Po wykonaniu rozdziału ekstraktu ze szpinaku za pomocą chromatografii kolumnowej
należy wykonać analizę TLC uzyskanych frakcji a następnie ocenić jakość rozdziału LC.
Procedura analizy TLC. Napełnić komorę chromatograficzną odpowiednią fazą
ruchomą (V = 3 ml) i pozostawić na około 5-10 min. W tym czasie przygotować płytki TLC,
czyli narysować delikatnie miękkim ołówkiem:
- linię startową około 0,8 cm od dolnego brzegu płytki i zaznaczyć na niej punkty nanoszenia
próbek,
3
- linię końcową około 1 cm od górnego brzegu płytki.
Nanieść na płytkę po około 3 - 5 µL roztworów badanych próbek, uważając, aby
plamka nie miała średnicy większej niż 2 mm; im mniejsza średnica, tym mniejsze rozmycie
plamki w czasie rozwijania chromatogramu. Można powtarzać nanoszenie roztworu po jego
wyschnięciu na płytce. Ilość nanoszonego roztworu zależy od jego stężenia. Badane związki
są barwnikami, co powoduje, że łatwo można kontrolować ilość nanoszonego roztworu.
Należy nanieść taką ilość roztworu, aby uzyskać intensywne żółte, zielone lub szare
zabarwienie plamki.
Delikatnie, przy pomocy pęsety, wstawić płytkę TLC z naniesionymi substancjami do
komory chromatograficznej; boki płytki nie mogą dotykać ścian komory. Zamknąć komorę
i rozwijać chromatogram, do momentu, gdy czoło rozpuszczalnika będzie w odległości 1 cm
od górnego brzegu płytki, następnie wyjąć i wysuszyć płytkę.
Zrobić zdjęcie lub zeskenować płytkę TLC i dołączyć do sprawozdania. Należy zrobić
to jak najszybciej po wysuszeniu płytki, ponieważ niektóre z barwników mogą zmienić
zabarwienie pod wpływem powietrza. Wyznaczyć współczynniki opóźnienia RF i zanotować
zabarwienie dla wszystkich związków. Przedyskutować zasadność wyboru faz ruchomych 1 –
6 do rozdziału barwników ze szpinaku oceniając ich selektywność i polarność.
Chromatografia niskociśnieniowa LC
W kolbie Erlenmeyera (V = 100 ml) naważyć 4 g żelu krzemionkowego a następnie
dodać 30 ml roztworu eter naftowy-aceton (9:1 v/v).

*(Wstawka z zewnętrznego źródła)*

text \<open>The partition chosen by \<^const>\<open>dist_integral\<close> is immaterial, since any two adapted
  partitions have a common refinement.\<close>
lemma dist_integral_eq:
  assumes \<nu>: "is_distribution E r \<nu>" and Q: "adapted_partition E r \<phi> Q"
  shows "dist_integral E r \<nu> \<phi> = (\<Sum>B\<in>Q. \<phi> (SOME \<xi>. \<xi> \<in> B) * \<nu> B)"
proof -
  define P where "P = (SOME P. adapted_partition E r \<phi> P)"
  have P: "adapted_partition E r \<phi> P" unfolding P_def using Q by (rule someI)
  define c where "c A = \<phi> (SOME \<xi>. \<xi> \<in> A)" for A
  have split: "\<nu> A = (\<Sum>B\<in>R. \<nu> (A \<inter> B))" if "adapted_partition E r \<phi> R" "A \<in> alg" for A R
    using distribution_partition_sum[OF \<nu> that(2)] that(1) unfolding adapted_partition_def by blast
  have const: "c A * \<nu> (A \<inter> B) = c B * \<nu> (A \<inter> B)" if "A \<in> P" "B \<in> Q" for A B
  proof (cases "A \<inter> B = {}")
    case True then show ?thesis using distribution_empty[OF \<nu>] by simp
  next
    case False
    then obtain \<xi> where \<xi>: "\<xi> \<in> A" "\<xi> \<in> B" by blast
    have sA: "(SOME \<xi>. \<xi> \<in> A) \<in> A" using \<xi>(1) by (rule someI)
    have sB: "(SOME \<xi>. \<xi> \<in> B) \<in> B" using \<xi>(2) by (rule someI)
    have "c A = \<phi> \<xi>" "c B = \<phi> \<xi>"
      using adapted_partition_const[OF P \<open>A \<in> P\<close> sA \<xi>(1)] adapted_partition_const[OF Q \<open>B \<in> Q\<close> sB \<xi>(2)]
      unfolding c_def by simp_all
    then show ?thesis by simp
  qed
  have fin: "finite P" "finite Q" "P \<subseteq> alg" "Q \<subseteq> alg" using P Q unfolding adapted_partition_def by auto
  have "dist_integral E r \<nu> \<phi> = (\<Sum>A\<in>P. c A * \<nu> A)"
    unfolding dist_integral_def P_def c_def by simp
  also have "\<dots> = (\<Sum>A\<in>P. \<Sum>B\<in>Q. c A * \<nu> (A \<inter> B))"
    using split[OF Q] fin(3) by (simp add: sum_distrib_left subset_iff)
  also have "\<dots> = (\<Sum>A\<in>P. \<Sum>B\<in>Q. c B * \<nu> (A \<inter> B))"
    using const by (intro sum.cong refl) auto
  also have "\<dots> = (\<Sum>B\<in>Q. \<Sum>A\<in>P. c B * \<nu> (B \<inter> A))"
    by (subst sum.swap) (simp add: Int_commute)
  also have "\<dots> = (\<Sum>B\<in>Q. c B * \<nu> B)"
    using split[OF P] fin(4) by (simp add: sum_distrib_left subset_iff)
  finally show ?thesis unfolding c_def .
qed

end

section \<open>The integral of the kernel\<close>

context rooted_tree
begin

lemma geod_to_ancestor:
  assumes "i < length (rpath x)" shows "geod E x (rpath x ! i) = rev (drop i (rpath x))"
proof (rule geod_unique)
  show "is_path E (rev (drop i (rpath x)))" using is_path_rev is_path_drop is_path_rpath assms by blast
  show "hd (rev (drop i (rpath x))) = x" using assms last_rpath by (simp add: hd_rev)
  show "last (rev (drop i (rpath x))) = rpath x ! i" using assms by (simp add: last_rev hd_drop_conv_nth)
qed

lemma fext_refl: "fext E f x x = 1"
  unfolding fext_def by (simp add: geod_refl)

lemma fext_edge: "E x y \<Longrightarrow> fext E f x y = f x y"
  unfolding fext_def by (simp add: geod_edge)

lemma fext_root_child: assumes "y \<in> children E r x" shows "fext E f r y = fext E f r x * f x y"
proof -
  have "zip (rpath y) (tl (rpath y)) = zip (rpath x) (tl (rpath x)) @ [(x, y)]"
    using rpath_child[OF assms] zip_snoc_tl[OF rpath_not_Nil[of x], of y] last_rpath[of x] rpath_not_Nil[of x]
    by simp
  then show ?thesis unfolding fext_def Let_def by simp
qed

lemma fext_child_ancestor:
  assumes "y \<in> children E r x" "v \<in> set (rpath x)" shows "fext E f y v = f y x * fext E f x v"
proof -
  have py: "rpath y = rpath x @ [y]" using rpath_child[OF assms(1)] .
  obtain i where i: "i < length (rpath x)" "v = rpath x ! i" using assms(2) by (metis in_set_conv_nth)
  then have "geod E y v = rev (drop i (rpath y))" using geod_to_ancestor[of i y] py by (simp add: nth_append)
  moreover have "geod E x v = rev (drop i (rpath x))" using geod_to_ancestor i by metis
  ultimately have "geod E y v = y # geod E x v" using py i by simp
  moreover have "geod E x v \<noteq> []" "hd (geod E x v) = x" using geod_spec geod_not_Nil by auto
  ultimately show ?thesis unfolding fext_def Let_def by (cases "geod E x v") auto
qed

lemma fext_root_nonzero:
  assumes "\<And>a b. E a b \<Longrightarrow> f a b \<noteq> 0" shows "fext E f r x \<noteq> 0"
proof (induction x rule: measure_induct_rule[of "\<lambda>x. length (rpath x)"])
  case (less x)
  show ?case
  proof (cases "x = r")
    case True then show ?thesis by (simp add: fext_refl)
  next
    case False
    then have "x \<in> children E r (parent x)" unfolding children_iff by blast
    then show ?thesis
      using fext_root_child less length_rpath_parent[OF False] assms adj_parent[OF False] by simp
  qed
qed

definition atom :: "'a set \<Rightarrow> 'a \<Rightarrow> (nat \<Rightarrow> 'a) set set" where
  "atom V v = bd v - (\<Union>c\<in>V \<inter> children E r v. bd c)"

Wymieszać i pozostawić na 5-10 min.
Zamocować kolumnę w statywie i zamknąć odpływ z kolumny. Umieścić na dnie kolumny
małą ilość zwiniętej waty szklanej. Wprowadzić 2 ml roztworu eter naftowy-aceton (9:1 v/v).
Usunąć powietrze z waty szklanej naciskając bagietką a następnie wprowadzić krążek z
bibuły.
Uważnie wprowadzić zawiesinę żelu krzemionkowego do kolumny, za pomocą pipety
z szerokim otworem wyjściowym lub poprzez lejek, otwierając jednocześnie odpływ z
kolumny. Zrobić to w taki sposób, aby uzyskać w miarę płaskie dno oraz płaski wierzch fazy
stacjonarnej. Od momentu wprowadzenia do kolumny żelu krzemionkowego jego
powierzchnia musi być stale przykryta cieczą. Jeżeli w kolumnie będą bąble powietrza to
proces rozpocząć od początku. Roztwór eter naftowy-aceton wypływający z kolumny
zachować do zakończenia eksperymentu – posłuży do umycia kolumny oraz pipety i kolby
zabrudzonej ekstraktem ze szpinaku.
NIE WOLNO DOPROWADZIĆ DO PRZESUSZENIA KOLUMNY!!
4
Gdy wysokość złoża w kolumnie będzie stała należy ją zmierzyć i zanotować jej
wymiary. Wprowadzić krążek z bibuły na wierzch kolumny. Pozostawić około 3 cm słupa
cieczy nad złożem. Ostrożnie wprowadzić niewielką ilość piasku (około ¼ małej łyżki
metalowej) za pomocą lejka tak, aby poziom piasku nad złożem chromatograficznym wynosił
około 0,5 cm. Ważne jest, aby wierzch fazy stacjonarnej oraz wierzch warstwy piasku były
idealnie płaskie.
Należy wcześniej przygotować wszystkie roztwory potrzebne do elucji barwników:
- roztwór A: eter naftowy-aceton (9:1 v/v), V =20 ml,
- roztwór B: eter naftowy-aceton (7:3 v/v), V =20 ml,
- roztwór C: aceton, V = 20 ml.
Wyrównać poziom fazy ruchomej w kolumnie do poziomu warstwy piasku i zamknąć
odpływ z kolumny. Ostrożnie wprowadzić do kolumny około ½ części ekstraktu ze szpinaku
za pomocą pipety Pasteura i otworzyć odpływ z kolumny.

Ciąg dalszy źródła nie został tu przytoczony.